The photo was taken in Saratel, on the veranda of our house. The first from right is my mother, she was around thirty-nine years old; she had a net on her head, and a little hair in the front, so one couldn’t notice that her hair was cut. Next to her is standing my little brother, Salamon. He didn’t go to school yet, he attended the cheder though. Then the person with a hat is my father; he was handsome. The little girl next to my father is Mirjam. On the left side is my eldest brother, David, and I’m standing next to him; I was fifteen years old. I had chestnut plaits, I had long hair; my mother braided it into two plaits, then plaited it together, fixed it up, and tied it with two pink ribbons.

The photo was taken by a photographer; I think he lived in our yard, because the Hungarians took away our storeplace and gave it to a railwayman, who came from Hungary, and had a camera. They didn’t gather Jews yet to a single place; they only occupied Transylvania, and they needed place. I don’t remember precisely how, but a neighbor gave me back this photo.

My father was called Joszif Jager; he was born in 1901 in Szeretfalva. I don't know for how long he studied, because he was fourteen when his father died at a young age, and he became the breadwinner. I'm not aware of the circumstances of my parents' meeting each other; however, theirs was a love match. My mother was called Szerena Jager, nee Rosenfeld. My mother's family was from Harina [in Romanian Herina], which is a few kilometers far from Szeretfalva, and some fifteen kilometers far from Beszterce, but they were poorer than my father's family. Though she was a widow, grandmother Jager was well-off, and she didn't want my father to marry my mother, so my father gave money to grandmother Rosenfeld to be able to buy my mother a dowry. They got married in 1923.

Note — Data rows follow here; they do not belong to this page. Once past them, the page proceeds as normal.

(* Let $\varepsilon=1+\sqrt2$, $K=\mathbb Q(\sqrt2)$, $\sigma$ its nontrivial Galois automorphism, and let $$\Gamma(2,5)=\left\{\begin{pmatrix}x_0+x_1\sqrt2&\sqrt5(x_2+x_3\sqrt2)\\ \sqrt5(x_2-x_3\sqrt2)&x_0-x_1\sqrt2\end{pmatrix}\in\mathrm{SL}_2(\mathbb R):\ x_i\in\mathbb Z\right\},\qquad H=\left\langle\begin{pmatrix}\varepsilon^2&0\\0&\varepsilon^{-2}\end{pmatrix}\right\rangle.$$ For $\gamma\in\Gamma(2,5)$ put $z_1(\gamma)=x_0+x_1\sqrt2$, $z_2(\gamma)=x_2+x_3\sqrt2\in\mathcal O_K$. Let $n\in\mathbb N$. Consider the set of double cosets $[\gamma]=H\gamma H$ whose elements $\gamma=\begin{pmatrix}a&b\\c&d\end{pmatrix}$ have all four entries nonzero and of the same sign (i.e. $\delta_1(\gamma)=\delta_2(\gamma)=0$) and satisfy $bc=5n$, modulo the identification $[\gamma]\sim[-\gamma]$. Then the map $$\psi:[\gamma]\longmapsto(|z_1(\gamma)|,\ |z_2(\gamma)|)\in D_K(5n+1)\times D_K(n)$$ is well defined, two-to-one, and surjective.
   Context: For $z\in\mathcal O_K$, $|z|$ denotes the real absolute value of $z\in\mathbb R$ (so $|z|=\pm z$). For $m\in\mathbb N$, $D_K(m)$ is the set of totally positive $z\in\mathcal O_K$ (i.e. $z>0$ and $\sigma(z)>0$) with $z\,\sigma(z)=m$, modulo the equivalence $z\sim z'$ iff $z=\varepsilon^{2k}z'$ for some $k\in\mathbb Z$. *)

theory Defs
  imports "HOL-Analysis.Analysis"
begin

definition eps :: real where "eps = 1 + sqrt 2"

definition OK :: "real set" where
  "OK = {of_int a + of_int b * sqrt 2 | a b :: int. True}"

definition sigmaK :: "real \<Rightarrow> real" where
  "sigmaK z = (THE w. \<exists>a b :: int. z = of_int a + of_int b * sqrt 2 \<and> w = of_int a - of_int b * sqrt 2)"

definition TP :: "nat \<Rightarrow> real set" where
  "TP m = {z \<in> OK. z > 0 \<and> sigmaK z > 0 \<and> z * sigmaK z = real m}"

definition epsrel :: "real set \<Rightarrow> (real \<times> real) set" where
  "epsrel A = {(z, z'). z \<in> A \<and> z' \<in> A \<and> (\<exists>k :: int. z = eps powi (2 * k) * z')}"

definition DK :: "nat \<Rightarrow> real set set" where
  "DK m = TP m // epsrel (TP m)"

definition gmat :: "int \<Rightarrow> int \<Rightarrow> int \<Rightarrow> int \<Rightarrow> real^2^2" where
  "gmat x0 x1 x2 x3 =
     vector [vector [of_int x0 + of_int x1 * sqrt 2, sqrt 5 * (of_int x2 + of_int x3 * sqrt 2)],
             vector [sqrt 5 * (of_int x2 - of_int x3 * sqrt 2), of_int x0 - of_int x1 * sqrt 2]]"

definition Gamma25 :: "(real^2^2) set" where
  "Gamma25 = {g. \<exists>x0 x1 x2 x3. g = gmat x0 x1 x2 x3 \<and> det g = 1}"

definition hmat :: "int \<Rightarrow> real^2^2" where
  "hmat k = vector [vector [eps powi (2 * k), 0], vector [0, eps powi (- 2 * k)]]"

definition Hgrp :: "(real^2^2) set" where
  "Hgrp = range hmat"

definition dcoset :: "real^2^2 \<Rightarrow> (real^2^2) set" where
  "dcoset g = {h1 ** g ** h2 | h1 h2. h1 \<in> Hgrp \<and> h2 \<in> Hgrp}"

definition admissible :: "nat \<Rightarrow> real^2^2 \<Rightarrow> bool" where
  "admissible n g \<longleftrightarrow>
     ((\<forall>i j. g $ i $ j > 0) \<or> (\<forall>i j. g $ i $ j < 0)) \<and> g $ 1 $ 2 * g $ 2 $ 1 = 5 * real n"

definition DCS :: "nat \<Rightarrow> (real^2^2) set set" where
  "DCS n = {C. \<exists>g \<in> Gamma25. C = dcoset g \<and> (\<forall>g' \<in> C. admissible n g')}"

definition pmrel :: "nat \<Rightarrow> ((real^2^2) set \<times> (real^2^2) set) set" where
  "pmrel n = {(C, C'). C \<in> DCS n \<and> C' \<in> DCS n \<and> (C' = C \<or> C' = uminus ` C)}"

definition DomS :: "nat \<Rightarrow> (real^2^2) set set set" where
  "DomS n = DCS n // pmrel n"

definition z1 :: "real^2^2 \<Rightarrow> real" where "z1 g = g $ 1 $ 1"
definition z2 :: "real^2^2 \<Rightarrow> real" where "z2 g = g $ 1 $ 2 / sqrt 5"

definition pv :: "nat \<Rightarrow> real^2^2 \<Rightarrow> real set \<times> real set" where
  "pv n g = (epsrel (TP (5 * n + 1)) `` {\<bar>z1 g\<bar>}, epsrel (TP n) `` {\<bar>z2 g\<bar>})"

definition psi :: "nat \<Rightarrow> (real^2^2) set set \<Rightarrow> real set \<times> real set" where
  "psi n X = (THE p. \<exists>g \<in> Gamma25. dcoset g \<in> X \<and> p = pv n g)"

end

theory Submission
  imports Defs
begin

text \<open>
  An element of Gamma(2,5) is determined by u = z1 and v = z2: it is the matrix
  [[u, sqrt 5 v], [sqrt 5 sigma(v), sigma(u)]], and its determinant is u sigma(u) - 5 v sigma(v).
  If all entries are positive and bc = 5n, then u and v are totally positive of norms 5n + 1
  and n, and up to the sign identification every admissible double coset has such a
  representative. Multiplying by diag(eps^(2k), eps^(-2k)) on the left and by
  diag(eps^(2l), eps^(-2l)) on the right replaces (u, v) by (eps^(2(k+l)) u, eps^(2(k-l)) v).
  So the double coset determines the eps^2-classes of u and v, while (eps^(2i) u, eps^(2j) v)
  and (u, v) give the same double coset exactly when i + j is even. As the lattice
  {(k + l, k - l)} has index 2 in Z^2, each fibre of psi consists of the two classes of
  (u, v) and (u, eps^2 v).
\<close>

section \<open>Conjugation in the ring of integers of Q(sqrt 2)\<close>

lemma int_sq_eq_two_sq_imp_zero:
  fixes p q :: int
  assumes "p\<^sup>2 = 2 * q\<^sup>2"
  shows "q = 0"
  using assms
proof (induction "nat \<bar>q\<bar>" arbitrary: p q rule: less_induct)
  case less
  show ?case
  proof (rule ccontr)
    assume "q \<noteq> 0"
    have "even (p\<^sup>2)" using less.prems by simp
    then have "even p" by simp
    then obtain r where r: "p = 2 * r" by blast
    then have "q\<^sup>2 = 2 * r\<^sup>2" using less.prems by (simp add: power_mult_distrib)
    then have "even (q\<^sup>2)" by simp
    then have "even q" by simp
    then obtain t where t: "q = 2 * t" by blast
    then have "r\<^sup>2 = 2 * t\<^sup>2" using \<open>q\<^sup>2 = 2 * r\<^sup>2\<close> by (simp add: power_mult_distrib)
    moreover have "nat \<bar>t\<bar> < nat \<bar>q\<bar>" using t \<open>q \<noteq> 0\<close> by auto
    ultimately have "t = 0" using less.hyps by blast
    with t \<open>q \<noteq> 0\<close> show False by simp
  qed
qed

At the beginning they lived in lodgings in Saratel, at the parents of one of my classmates, not far from my grandmother's house; later they built a house on the lot given by grandmother Jager.

We were five siblings, three girls and two boys. David was born in 1925, I was born in 1927, Mirjam in 1930, Fajge in 1933, then Salamon was born in 1938.

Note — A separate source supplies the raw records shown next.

lemma Sigma_subset_closed:
  assumes cl: "str_closure Q S \<subseteq> S" and s: "is_string Q (v, w)"
    and meets: "\<And>a b. sigma_cut p (v, w) a b \<Longrightarrow> Sigma_pol Q (\<not> p) (substr Q (v, w) a b) \<inter> S \<noteq> {}"
  shows "Sigma_pol Q p (v, w) \<subseteq> S"
proof -
  have "und Q (substr Q (v, w) a b) \<in> S" if "sigma_cut p (v, w) a b" for a b
    using that
  proof (induction "b - a" arbitrary: a b rule: less_induct)
    case less
    have ab: "a \<le> b" "b \<le> length w" "a = 0 \<or> snd (w ! (a - 1)) = p" "b = length w \<or> snd (w ! b) \<noteq> p"
      using less.prems by (auto simp: sigma_cut_def)
    obtain c d where cut: "sigma_cut (\<not> p) (substr Q (v, w) a b) c d"
      and core: "und Q (substr Q (substr Q (v, w) a b) c d) \<in> S"
      using meets[OF less.prems] by (auto simp: Sigma_pol_def)
    have cd: "c \<le> d" "d \<le> b - a" "c = 0 \<or> snd (w ! (a + c - 1)) \<noteq> p" "d = b - a \<or> snd (w ! (a + d)) = p"
      using cut unfolding sigma_cut_substr_iff[OF ab(1,2)] by auto
    have core': "und Q (substr Q (v, w) (a + c) (a + d)) \<in> S"
      using core substr_substr[OF ab(1,2) cd(1,2), of Q v] by simp
    \<comment> \<open>the letters just outside the core point the wrong way for it to be a p-cut, so removing them
        leaves shorter p-cuts of the string on either side\<close>
    have left: "und Q (substr Q (v, w) a (a + d)) \<in> str_closure Q S"
    proof (cases "c = 0")
      case True
      then show ?thesis using core' str_closure.base by simp
    next
      case False
      have "sigma_cut p (v, w) a (a + c - 1)" using False ab cd by (auto simp: sigma_cut_def)
      moreover have "a + c - 1 - a < b - a" using False cd by linarith
      ultimately have "und Q (substr Q (v, w) a (a + c - 1)) \<in> str_closure Q S"
        by (intro str_closure.base less.hyps)
      moreover have "Suc (a + c - 1) = a + c" "a \<le> a + c - 1" "a + c - 1 < a + d" "a + d \<le> length w"
        using False cd ab by auto
      ultimately show ?thesis
        using und_substr_in_closure[OF s, of a "a + c - 1" "a + d" S] core' by simp
    qed
    show ?case
    proof (cases "d = b - a")
      case True
      then show ?thesis using left cl ab by auto
    next
      case False
      then have "sigma_cut p (v, w) (Suc (a + d)) b" using ab cd by (auto simp: sigma_cut_def)
      then have "und Q (substr Q (v, w) (Suc (a + d)) b) \<in> S" using less.hyps False cd by simp
      then have "und Q (substr Q (v, w) a b) \<in> str_closure Q S"
        using und_substr_in_closure[OF s, of a "a + d" b S] left False cd ab by simp
      then show ?thesis using cl by blast
    qed
  qed
  then show ?thesis by (auto simp: Sigma_pol_def)
qed

lemma pi_below_pi_above:
  assumes "str_closure Q S \<subseteq> S" "S \<subseteq> Spm Q"
  shows "pi_below Q p (pi_above Q (\<not> p) S) = pi_below Q p S"
proof
  show "pi_below Q p (pi_above Q (\<not> p) S) \<subseteq> pi_below Q p S"
  proof
    fix X assume "X \<in> pi_below Q p (pi_above Q (\<not> p) S)"
    then obtain v w where X: "X = und Q (v, w)" and s: "is_string Q (v, w)"
      and sub: "Sigma_pol Q p (v, w) \<subseteq> pi_above Q (\<not> p) S"
      by (auto simp: pi_below_def)
    have "Sigma_pol Q (\<not> p) (substr Q (v, w) a b) \<inter> S \<noteq> {}" if "sigma_cut p (v, w) a b" for a b
    proof -
      have "is_string Q (substr Q (v, w) a b)"
        using that is_string_substr[OF s] by (simp add: sigma_cut_def)
      moreover have "und Q (substr Q (v, w) a b) \<in> pi_above Q (\<not> p) S"
        using that sub by (auto simp: Sigma_pol_def)
      ultimately show ?thesis using und_in_pi_above_iff by blast
    qed
    then have "Sigma_pol Q p (v, w) \<subseteq> S" using Sigma_subset_closed[OF assms(1) s] by blast
    then show "X \<in> pi_below Q p S" using und_in_pi_below_iff[OF s] X by blast
  qed
  show "pi_below Q p S \<subseteq> pi_below Q p (pi_above Q (\<not> p) S)"
    using pi_below_mono subset_pi_above[OF assms(2)] by blast
qed

lemma pi_above_pi_below:
  assumes "str_closure Q (Spm Q - S) \<subseteq> Spm Q - S" "S \<subseteq> Spm Q"
  shows "pi_above Q p (pi_below Q (\<not> p) S) = pi_above Q p S"
proof -
  have "Spm Q - pi_below Q (\<not> p) S = pi_above Q (\<not> p) (Spm Q - S)"
    using pi_above_eq_compl[of "\<not> p" "Spm Q - S"] assms(2) by (simp add: Diff_Diff_Int Int_absorb1)
  then show ?thesis
    using pi_above_eq_compl[of p] pi_below_pi_above[OF assms(1) Diff_subset, of p] by simp
qed

lemma closed_pi_below:
  assumes cl: "str_closure Q S \<subseteq> S"
  shows "str_closure Q (pi_below Q p S) \<subseteq> pi_below Q p S"
proof
  fix Z assume "Z \<in> str_closure Q (pi_below Q p S)"
  then show "Z \<in> pi_below Q p S"
  proof (induction rule: str_closure.induct)
    case (step X Y Z)
    obtain v w m where s: "is_string Q (v, w)" and Z: "Z = und Q (v, w)" and m: "m < length w"
      and "substr Q (v, w) 0 m \<in> X" "substr Q (v, w) (Suc m) (length w) \<in> Y"
      using step.hyps(3) by (rule str_compose_split)
    then have L: "Sigma_pol Q p (substr Q (v, w) 0 m) \<subseteq> S"
      and R: "Sigma_pol Q p (substr Q (v, w) (Suc m) (length w)) \<subseteq> S"
      using mem_pi_below_iff step.IH step.hyps(2) pi_below_subset_Spm by blast+
    have "und Q (substr Q (v, w) a b) \<in> S" if cut: "sigma_cut p (v, w) a b" for a b
    proof -
      have ab: "a \<le> b" "b \<le> length w" "a = 0 \<or> snd (w ! (a - 1)) = p" "b = length w \<or> snd (w ! b) \<noteq> p"
        using cut by (auto simp: sigma_cut_def)
      consider "b \<le> m" | "Suc m \<le> a" | "a \<le> m" "m < b" by linarith
      then show ?thesis
      proof cases
        case 1
        then show ?thesis using und_substr_in_Sigma_pol[of 0 a b m w p Q v] ab m L by auto
      next
        case 2
        then show ?thesis using und_substr_in_Sigma_pol[of "Suc m" a b "length w" w p Q v] ab R by auto
      next
        case 3
        have "und Q (substr Q (v, w) a m) \<in> S"
          using und_substr_in_Sigma_pol[of 0 a m m w p Q v] ab 3 L by auto
        moreover have "und Q (substr Q (v, w) (Suc m) b) \<in> S"
          using und_substr_in_Sigma_pol[of "Suc m" "Suc m" b "length w" w p Q v] ab 3 R by auto
        ultimately show ?thesis
          using und_substr_in_closure[OF s 3 ab(2) str_closure.base] cl by blast
      qed
    qed
    then show ?case using und_in_pi_below_iff[OF s] Z by (auto simp: Sigma_pol_def)
  qed
qed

My elder brother, David got his name after our grandfather. He was cross-eyed, he was born with this defect; the sun was shining and he looked into it...

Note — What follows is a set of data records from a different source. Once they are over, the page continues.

(* Let $\ell$ be a positive odd integer and $n\ge 3$ an integer. Suppose there exist $k$ distinct primes $p_1,\dots,p_k\in P(n)$ such that any two of the numbers $p_1-1,\dots,p_k-1$ have no common odd prime factor. If $\Omega_\ell(n)$ is a powerful number, then $\ell$ has at least $k$ distinct prime factors.
   Context: A positive integer $a$ is called a powerful number if for every prime $p$, $p\mid a$ implies $p^2\mid a$. $\Omega_\ell(n)=\prod_{a=1}^{n}(a^\ell+1)$. For a positive integer $n$, $P(n)$ denotes the set of primes $p$ with $\frac{n+1}{2}<p\le n+1$. *)

theory Defs
  imports "HOL-Computational_Algebra.Primes"
begin

definition powerful :: "nat \<Rightarrow> bool" where
  "powerful a \<longleftrightarrow> a > 0 \<and> (\<forall>p. prime p \<longrightarrow> p dvd a \<longrightarrow> p^2 dvd a)"

definition Omega :: "nat \<Rightarrow> nat \<Rightarrow> nat" where
  "Omega l n = (\<Prod>a=1..n. a ^ l + 1)"

(* (n+1)/2 < p  is written as  n+1 < 2*p  over the naturals *)
definition Pset :: "nat \<Rightarrow> nat set" where
  "Pset n = {p. prime p \<and> n + 1 < 2 * p \<and> p \<le> n + 1}"

end

theory Submission
  imports Defs "HOL-Number_Theory.Number_Theory"
begin

text \<open>
  Fix p in P(n). If gcd(l, p - 1) = 1, then x \<mapsto> x ^ l is a bijection modulo p,
  so among the factors a ^ l + 1 (a \<le> n) of Omega l n only (p - 1) ^ l + 1 is
  divisible by p: a \<equiv> -1 (mod p) together with a + 1 \<le> n + 1 < 2 p forces a = p - 1.
  Powerfulness then gives p ^ 2 | (p - 1) ^ l + 1 \<equiv> l p (mod p ^ 2), i.e. p | l.
  Otherwise some odd prime divides both l and p - 1. Either way each p_i yields a
  prime factor q_i of l with q_i = p_i or q_i | p_i - 1, and these are distinct:
  p_i | p_j - 1 is impossible within P(n), and the hypothesis excludes a common
  odd prime factor of p_i - 1 and p_j - 1.
\<close>

lemma cong_one_if_coprime_exponents:
  fixes a m s t :: nat
  assumes "[a ^ s = 1] (mod m)" and "[a ^ t = 1] (mod m)" and "coprime s t"
  shows "[a = 1] (mod m)"
proof -
  have "ord m a dvd gcd s t"
    using assms(1,2) by (simp add: ord_divides')
  then have "ord m a dvd 1"
    using assms(3) by simp
  then show ?thesis
    using ord_divides[of a 1 m] by simp
qed

lemma prime_dvd_odd_power_add_one_imp_dvd_add_one:
  fixes p l x :: nat
  assumes p: "prime p" and l: "odd l" and cop: "coprime l (p - 1)"
    and dvd: "p dvd x ^ l + 1"
  shows "p dvd x + 1"
proof -
  \<comment> \<open>y represents -x by a natural number, so that Fermat's theorem applies to it\<close>
  define y where "y = (p - 1) * x"
  have "int y = int p * int x - int x"
    using prime_ge_1_nat[OF p] by (simp add: y_def of_nat_diff algebra_simps)
  then have y_neg: "[int y = - int x] (mod int p)"
    by (simp add: cong_iff_dvd_diff)
  have "\<not> p dvd x"
  proof
    assume "p dvd x"
    then have "p dvd x ^ l"
      using p odd_pos[OF l] by (simp add: prime_dvd_power_nat_iff)
    with dvd have "p dvd 1"
      using dvd_add_right_iff by blast
    with p show False by simp
  qed
  moreover have "\<not> p dvd p - 1"
    using prime_gt_1_nat[OF p] by (simp add: nat_dvd_not_less)
  ultimately have "\<not> p dvd y"
    using p by (simp add: y_def prime_dvd_mult_iff)
  then have fermat: "[y ^ (p - 1) = 1] (mod p)"
    by (rule fermat_theorem[OF p])
  have dvd_int: "int p dvd int x ^ l + 1"
    using dvd by (metis of_nat_dvd_iff of_nat_1 of_nat_add of_nat_power)
  have "[int y ^ l = (- int x) ^ l] (mod int p)"
    using y_neg by (rule cong_pow)
  also have "(- int x) ^ l = 1 - (int x ^ l + 1)"
    using l by simp
  also have "[1 - (int x ^ l + 1) = 1 - 0] (mod int p)"
    using dvd_int by (intro cong_diff cong_refl) (simp add: cong_0_iff)
  finally have "[int y ^ l = 1] (mod int p)"
    by simp
  then have "[y ^ l = 1] (mod p)"
    by (metis cong_int_iff of_nat_1 of_nat_power)
  then have "[y = 1] (mod p)"
    using fermat cop by (rule cong_one_if_coprime_exponents)
  then have "[1 = - int x] (mod int p)"
    using y_neg by (metis cong_int_iff cong_sym cong_trans of_nat_1)
  then have "int p dvd int x + 1"
    by (simp add: cong_iff_dvd_diff add.commute)
  then show ?thesis
    by (metis of_nat_dvd_iff of_nat_1 of_nat_add)
qed

lemma diff_one_power_cong_mod_square:
  fixes b :: int
  shows "[(b - 1) ^ l = (-1) ^ l * (1 - int l * b)] (mod b^2)"
proof (induction l)
  case 0 show ?case by simp
next
  case (Suc l)
  have "[(b - 1) ^ Suc l = (b - 1) * ((-1) ^ l * (1 - int l * b))] (mod b^2)"
    using cong_mult[OF cong_refl Suc.IH, of "b - 1"] by simp
  also have "(b - 1) * ((-1) ^ l * (1 - int l * b))
      = (-1) ^ Suc l * (1 - int (Suc l) * b) + b^2 * (- ((-1) ^ l * int l))"
    by (simp add: algebra_simps power2_eq_square)
  also have "[\<dots> = (-1) ^ Suc l * (1 - int (Suc l) * b)] (mod b^2)"
    by (simp add: cong_iff_lin)
  finally show ?case .
qed

lemma odd_power_pred_add_one_cong:
  fixes p l :: nat
  assumes "odd l" and "p > 0"
  shows "[(p - 1) ^ l + 1 = l * p] (mod p^2)"
proof -
  have "[(int p - 1) ^ l + 1 = (-1) ^ l * (1 - int l * int p) + 1] (mod (int p)^2)"
    by (intro cong_add diff_one_power_cong_mod_square cong_refl)
  then have "[int ((p - 1) ^ l + 1) = int (l * p)] (mod int (p^2))"
    using assms by (simp add: of_nat_diff Suc_le_eq add.commute)
  then show ?thesis by (simp only: cong_int_iff)
qed

lemma dvd_odd_power_pred_add_one:
  fixes p l :: nat
  assumes "odd l" and "p > 0"
  shows "p dvd (p - 1) ^ l + 1"
proof -
  have "[(p - 1) ^ l + 1 = l * p] (mod p)"
    using odd_power_pred_add_one_cong[OF assms] by (rule cong_dvd_modulus_nat) simp
  then show ?thesis by (simp add: cong_dvd_iff)
qed

lemma square_dvd_odd_power_pred_add_one_iff:
  fixes p l :: nat
  assumes "odd l" and "p > 0"
  shows "p^2 dvd (p - 1) ^ l + 1 \<longleftrightarrow> p dvd l"
proof -
  have "p^2 dvd (p - 1) ^ l + 1 \<longleftrightarrow> p^2 dvd l * p"
    by (rule cong_dvd_iff[OF odd_power_pred_add_one_cong[OF assms]])
  also have "\<dots> \<longleftrightarrow> p dvd l"
    using assms(2) by (simp add: power2_eq_square)
  finally show ?thesis .
qed

lemma Pset_memD:
  assumes "p \<in> Pset n"
  shows "prime p" and "p \<le> n + 1" and "n + 1 < 2 * p"
  using assms by (auto simp: Pset_def)

lemma Pset_odd:
  assumes "p \<in> Pset n" and "n \<ge> 3"
  shows "odd p"
proof -
  have "p > 2" using assms(2) Pset_memD(3)[OF assms(1)] by linarith
  then show ?thesis using Pset_memD(1)[OF assms(1)] prime_odd_nat by blast
qed

lemma Pset_not_dvd_pred:
  assumes "p \<in> Pset n" and "q \<in> Pset n" and "n \<ge> 3"
  shows "\<not> p dvd q - 1"
proof
  assume "p dvd q - 1"
  then obtain c where c: "q - 1 = p * c" ..
  have "q \<ge> 2" using Pset_memD(1)[OF assms(2)] by (rule prime_ge_2_nat)
  then have "c \<noteq> 0" using c by (cases c) auto
  moreover have "p * c < p * 2"
    using c Pset_memD(2)[OF assms(2)] Pset_memD(3)[OF assms(1)] by linarith
  ultimately have "c = 1" by simp
  then have "q = p + 1" using c \<open>q \<ge> 2\<close> by simp
  then show False
    using Pset_odd[OF assms(1,3)] Pset_odd[OF assms(2,3)] by simp
qed

lemma Pset_dvd_odd_power_add_one_imp_eq_pred:
  assumes P: "p \<in> Pset n" and "odd l" and "coprime l (p - 1)"
    and "a \<le> n" and "p dvd a ^ l + 1"
  shows "a = p - 1"
proof -
  have "p dvd a + 1"
    using Pset_memD(1)[OF P] assms(2,3,5) by (rule prime_dvd_odd_power_add_one_imp_dvd_add_one)
  then obtain c where c: "a + 1 = p * c" ..
  then have "c \<noteq> 0" by (cases c) auto
  moreover have "p * c < p * 2"
    using c assms(4) Pset_memD(3)[OF P] by linarith
  ultimately have "c = 1" by simp
  then show ?thesis using c by simp
qed

lemma Omega_eq_mult_remove:
  assumes "a \<in> {1..n}"
  shows "Omega l n = (a ^ l + 1) * (\<Prod>b\<in>{1..n} - {a}. b ^ l + 1)"
  unfolding Omega_def using assms by (rule prod.remove[OF finite_atLeastAtMost])

lemma Pset_prime_dvd_exponent:
  assumes P: "p \<in> Pset n" and l: "odd l" and cop: "coprime l (p - 1)"
    and pow: "powerful (Omega l n)"
  shows "p dvd l"
proof -
  note p_prime = Pset_memD(1)[OF P]
  have p_pos: "p > 0" using p_prime by (rule prime_gt_0_nat)
  define R where "R = (\<Prod>b\<in>{1..n} - {p - 1}. b ^ l + 1)"
  have "p - 1 \<in> {1..n}"
    using Pset_memD[OF P] prime_ge_2_nat[OF p_prime] by auto
  then have Omega_eq: "Omega l n = ((p - 1) ^ l + 1) * R"
    unfolding R_def by (rule Omega_eq_mult_remove)
  have "\<not> p dvd R"
  proof
    assume "p dvd R"
    then have "\<exists>b\<in>{1..n} - {p - 1}. p dvd b ^ l + 1"
      unfolding R_def using p_prime by (simp add: prime_dvd_prod_iff)
    then obtain b where "b \<in> {1..n} - {p - 1}" and "p dvd b ^ l + 1" ..
    then show False
      using Pset_dvd_odd_power_add_one_imp_eq_pred[OF P l cop] by auto
  qed
  then have "coprime (p^2) R"
    using p_prime by (simp add: prime_imp_coprime)
  moreover have "p^2 dvd ((p - 1) ^ l + 1) * R"
  proof -
    have "p dvd Omega l n"
      unfolding Omega_eq using dvd_odd_power_pred_add_one[OF l p_pos] by (rule dvd_mult2)
    then have "p^2 dvd Omega l n"
      using pow p_prime unfolding powerful_def by blast
    then show ?thesis unfolding Omega_eq .
  qed
  ultimately have "p^2 dvd (p - 1) ^ l + 1"
    using coprime_dvd_mult_left_iff by blast
  then show ?thesis
    using square_dvd_odd_power_pred_add_one_iff[OF l p_pos] by blast
qed

lemma Pset_prime_factor_of_exponent:
  assumes P: "p \<in> Pset n" and l: "odd l" and pow: "powerful (Omega l n)"
  obtains q where "prime q" and "q dvd l" and "q = p \<or> q dvd p - 1"
proof (cases "coprime l (p - 1)")
  case True
  show ?thesis
    using Pset_memD(1)[OF P] Pset_prime_dvd_exponent[OF P l True pow] by (rule that) simp
next
  case False
  then have "gcd l (p - 1) \<noteq> 1"
    using coprime_iff_gcd_eq_1 by blast
  then obtain q where "prime q" and "q dvd gcd l (p - 1)"
    using prime_factor_nat by blast
  then show ?thesis
    by (intro that) auto
qed

theorem lemma3:
  fixes l n k :: nat and p :: "nat \<Rightarrow> nat"
  assumes "l > 0" and "odd l" and "n \<ge> 3"
    and "inj_on p {..<k}"
    and "\<And>i. i < k \<Longrightarrow> p i \<in> Pset n"
    and "\<And>i j q. i < k \<Longrightarrow> j < k \<Longrightarrow> i \<noteq> j \<Longrightarrow> prime q \<Longrightarrow> odd q
           \<Longrightarrow> \<not> (q dvd (p i - 1) \<and> q dvd (p j - 1))"
    and "powerful (Omega l n)"
  shows "card (prime_factors l) \<ge> k"
proof -
  have "\<forall>i\<in>{..<k}. \<exists>q. prime q \<and> q dvd l \<and> (q = p i \<or> q dvd p i - 1)"
    using Pset_prime_factor_of_exponent assms(2,5,7) by (metis lessThan_iff)
  then obtain q where q: "\<And>i. i < k \<Longrightarrow> prime (q i) \<and> q i dvd l \<and> (q i = p i \<or> q i dvd p i - 1)"
    by (metis bchoice lessThan_iff)
  have "inj_on q {..<k}"
  proof (rule inj_onI, rule ccontr)
    fix i j assume i: "i \<in> {..<k}" and j: "j \<in> {..<k}" and eq: "q i = q j" and "i \<noteq> j"
    have "odd (q i)"
      using q[of i] i assms(2) by (auto dest: dvd_trans[of 2])
    then show False
      using q[of i] q[of j] i j eq \<open>i \<noteq> j\<close> assms(4) assms(6)[of i j "q i"]
        Pset_not_dvd_pred[OF assms(5)[of i] assms(5)[of j] assms(3)]
        Pset_not_dvd_pred[OF assms(5)[of j] assms(5)[of i] assms(3)]
      by (auto dest: inj_onD)
  qed
  moreover have "q ` {..<k} \<subseteq> prime_factors l"
    using q assms(1) by (auto simp: in_prime_factors_iff)
  ultimately show ?thesis
    using card_inj_on_le[of q "{..<k}"] by simp
qed

end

Mirjam had a twin sister, who died during childbirth because of the umbilical cord. My poor mother cried so much; when she went to the graveyard, she used to look at the rows and say: where these are, there is room for one more; and that's what happened indeed: she gave birth after all this to Fajge, who also died as a child. Mirjam was deported together with us, and she died in Auschwitz.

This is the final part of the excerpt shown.